The present invention relates, in general to a method for enhancing solid materials, and more particularly, to a novel method for enhancing aluminum nitride.
In the past sputtered aluminum nitride films have been utilized in a variety of microelectronics applications. One disadvantage of these prior films is the poor chemical stability of the as-deposited films. As-deposited, the sputtered aluminum nitride films contain a high percentage of dangling chemical bonds, are relatively porous, are less dense than epitaxially-grown single crystal aluminum nitride, and do not have a high degree of preferred crystal orientation. These physical properties make the prior films highly reactive with hot aqueous solutions and other liquid chemicals, leading to hydrolysis, oxidation or dissolution of the aluminum nitride films.

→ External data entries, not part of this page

lemma lagrange_sol_sum_eq_t:
  assumes "0 < t" "ereal t < conv_radius a"
    and mean_less: "\<And>x. 0 < x \<Longrightarrow> x < t \<Longrightarrow> kh_mean a x < 1"
  shows "(\<Sum>n. lagrange_sol a $ n * (t / ps_eval a t) ^ n) = t"
proof (rule ccontr)
  define s where "s = t / ps_eval a t"
  define g where "g = (\<Sum>n. lagrange_sol a $ n * s ^ n)"
  assume "(\<Sum>n. lagrange_sol a $ n * (t / ps_eval a t) ^ n) \<noteq> t"
  then have "g < t"
    using lagrange_sol_sum_le_t(2)[OF assms(1,2)] by (simp add: g_def s_def)
  have "0 < g"
    using lagrange_sol_sum_pos[OF assms(1,2)] by (simp add: g_def s_def)
  have g_R: "ereal g < conv_radius a"
    using \<open>g < t\<close> by (intro le_less_trans[OF _ assms(2)]) simp
  have "0 < ps_eval a t" "0 < ps_eval a g"
    using ps_eval_pos[of t] ps_eval_pos[of g] assms(1,2) \<open>0 < g\<close> g_R by simp_all
  then have "0 \<le> s" using assms(1) by (simp add: s_def)
  then have "g = s * ps_eval a g"
    using lagrange_sol_sum_fixpoint[of a s] lagrange_sol_sum_le_t(1)[OF assms(1,2)] in_K_nonneg
      in_K_coeff_0_pos in_K_summable[of g] \<open>0 < g\<close> g_R by (simp add: g_def s_def ps_eval_real)
  then have "g / ps_eval a g = s"
    using \<open>0 < ps_eval a g\<close> by (metis less_irrefl nonzero_mult_div_cancel_right)
  moreover have "g / ps_eval a g < s"
    unfolding s_def using \<open>0 < g\<close> \<open>g < t\<close> assms(2) mean_less
    by (intro div_ps_eval_strict_mono) auto
  ultimately show False by simp
qed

The prior as-deposited films can also readily absorb and react with trace oxygen or moisture in the processing gases at an elevated temperature. Additionally, these films may have poor preferred orientation and a high degree of crystalline defects. Aluminum nitride contaminated with trace amounts of oxygen and having poor preferred orientation can result in poor piezoelectric properties when used in acoustic wave devices.

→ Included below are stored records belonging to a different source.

(* Let $\mathcal{P}=\mathbb{Z}_N=\langle\theta\rangle$ and let $\mathcal{O}\subseteq\mathcal{P}^2$ be a minimally closed set of boundary conditions under the action of $\mathrm{SL}(2,\mathbb{Z})$. Then for every $x\in\mathcal{O}$ there exist $m\in\mathbb{Z}$ and $V\in\mathrm{SL}(2,\mathbb{Z})$ such that $x\ast V=(1,\theta^m)\in\mathcal{O}$.
   Context: Boundary conditions are elements of $\mathcal{P}^2=\mathcal{P}\times\mathcal{P}$. The right action of $V=\begin{pmatrix} a&b\\c&d\end{pmatrix}\in\mathrm{SL}(2,\mathbb{Z})$ is $(g,h)\ast V=(g^ah^{-c},g^{-b}h^d)$. A subset is closed if it is mapped into itself by every $V\in\mathrm{SL}(2,\mathbb{Z})$; a closed set is minimally closed if it is nonempty and contains no nonempty proper closed subset. *)

theory Defs
  imports Main
begin

text \<open>The cyclic group P = Z_N is modelled additively as the residues {0..<N} (N > 0),
  with group law addition mod N. A generator theta is a residue coprime to N;
  theta^m is then (m * theta) mod N and the identity 1 of P is 0.\<close>

definition P :: "int \<Rightarrow> int set" where
  "P N = {0..<N}"

definition P2 :: "int \<Rightarrow> (int \<times> int) set" where
  "P2 N = P N \<times> P N"

text \<open>SL(2,Z): a matrix (a b; c d) is encoded as the tuple (a,b,c,d).\<close>
definition SL2 :: "(int \<times> int \<times> int \<times> int) set" where
  "SL2 = {(a,b,c,d). a*d - b*c = 1}"

text \<open>Right action (g,h) * V = (g^a h^(-c), g^(-b) h^d), written additively mod N.\<close>
fun act :: "int \<Rightarrow> int \<times> int \<Rightarrow> int \<times> int \<times> int \<times> int \<Rightarrow> int \<times> int" where
  "act N (g,h) (a,b,c,d) = ((a*g - c*h) mod N, (d*h - b*g) mod N)"

definition closed_bc :: "int \<Rightarrow> (int \<times> int) set \<Rightarrow> bool" where
  "closed_bc N S \<longleftrightarrow> S \<subseteq> P2 N \<and> (\<forall>x\<in>S. \<forall>V\<in>SL2. act N x V \<in> S)"

definition minimally_closed :: "int \<Rightarrow> (int \<times> int) set \<Rightarrow> bool" where
  "minimally_closed N S \<longleftrightarrow> closed_bc N S \<and> S \<noteq> {} \<and>
     (\<forall>S'. S' \<subseteq> S \<and> S' \<noteq> {} \<and> closed_bc N S' \<longrightarrow> S' = S)"

end

theory Submission
  imports Defs "HOL-Number_Theory.Cong"
begin

text \<open>A suitable matrix in SL(2,Z) sends any (g, h) to one with
  trivial first entry: with k = gcd(h, g) take first column (h/k, g/k) and complete it to a
  unimodular matrix by B\'ezout. The second entry then lies in P = \<langle>\<theta>\<rangle>, so it is a power of \<theta>.\<close>

lemma SL2_annihilates_first_entry:
  fixes g h :: int
  shows "\<exists>(a, b, c, d)\<in>SL2. a * g = c * h"
proof (cases "g = 0 \<and> h = 0")
  case True
  then show ?thesis by (intro bexI[of _ "(1, 0, 0, 1)"]) (auto simp: SL2_def)
next
  case False
  define k where "k = gcd h g"
  define a where "a = h div k"
  define c where "c = g div k"
  have "coprime a c"
    unfolding a_def c_def k_def using div_gcd_coprime[of h g] False by auto
  then obtain u v where uv: "u * a + v * c = 1"
    using bezout_int[of a c] by auto
  have "h = a * k" "g = c * k"
    unfolding a_def c_def k_def by simp_all
  then have "a * g = c * h" by simp
  moreover have "(a, - v, c, u) \<in> SL2"
    using uv by (simp add: SL2_def algebra_simps)
  ultimately show ?thesis by auto
qed

lemma act_first_zero_in_SL2:
  "\<exists>V\<in>SL2. \<exists>y. act N x V = (0, y mod N)"
proof -
  obtain g h where x: "x = (g, h)" by (cases x)
  obtain a b c d where "(a, b, c, d) \<in> SL2" "a * g = c * h"
    using SL2_annihilates_first_entry[of g h] by auto
  then show ?thesis
    by (intro bexI[of _ "(a, b, c, d)"] exI[of _ "d * h - b * g"]) (simp_all add: x)
qed

lemma closed_bc_act:
  "closed_bc N S \<Longrightarrow> x \<in> S \<Longrightarrow> V \<in> SL2 \<Longrightarrow> act N x V \<in> S"
  unfolding closed_bc_def by blast

lemma residue_is_multiple_of_generator:
  fixes \<theta> N y :: int
  assumes "coprime \<theta> N"
  shows "\<exists>m. (m * \<theta>) mod N = y mod N"
proof -
  from assms have "gcd \<theta> N dvd y" by simp
  then obtain m where "[\<theta> * m = y] (mod N)"
    using cong_solve_dvd_int by blast
  then show ?thesis by (auto simp: cong_def mult.commute)
qed

theorem lemma2p10:
  fixes N \<theta> :: int and S :: "(int \<times> int) set"
  assumes "N > 0"
    and "\<theta> \<in> P N" and "coprime \<theta> N"
    and "minimally_closed N S"
  shows "\<forall>x\<in>S. \<exists>m::int. \<exists>V\<in>SL2.
           act N x V = (0, (m * \<theta>) mod N) \<and> (0, (m * \<theta>) mod N) \<in> S"
proof
  fix x assume "x \<in> S"
  obtain V y where V: "V \<in> SL2" "act N x V = (0, y mod N)"
    using act_first_zero_in_SL2 by blast
  obtain m where m: "(m * \<theta>) mod N = y mod N"
    using residue_is_multiple_of_generator[OF assms(3)] by blast
  have "act N x V \<in> S"
    using closed_bc_act assms(4) \<open>x \<in> S\<close> V(1) unfolding minimally_closed_def by blast
  with V m show "\<exists>m. \<exists>V\<in>SL2. act N x V = (0, (m * \<theta>) mod N) \<and> (0, (m * \<theta>) mod N) \<in> S"
    by metis
qed

end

Treatment of thin films with aqueous solutions or gas mixtures at elevated temperatures are commonly employed in the processing of semiconductor devices. Accordingly, it would be desirable to fabricate an aluminum nitride film that is chemically non-reactive with such solutions and gases.
Additionally, it would be desirable to fabricate aluminum nitride thin films which are particularly suited for piezoelectric devices such as Surface Acoustic Wave (SAW) transducers or resonators.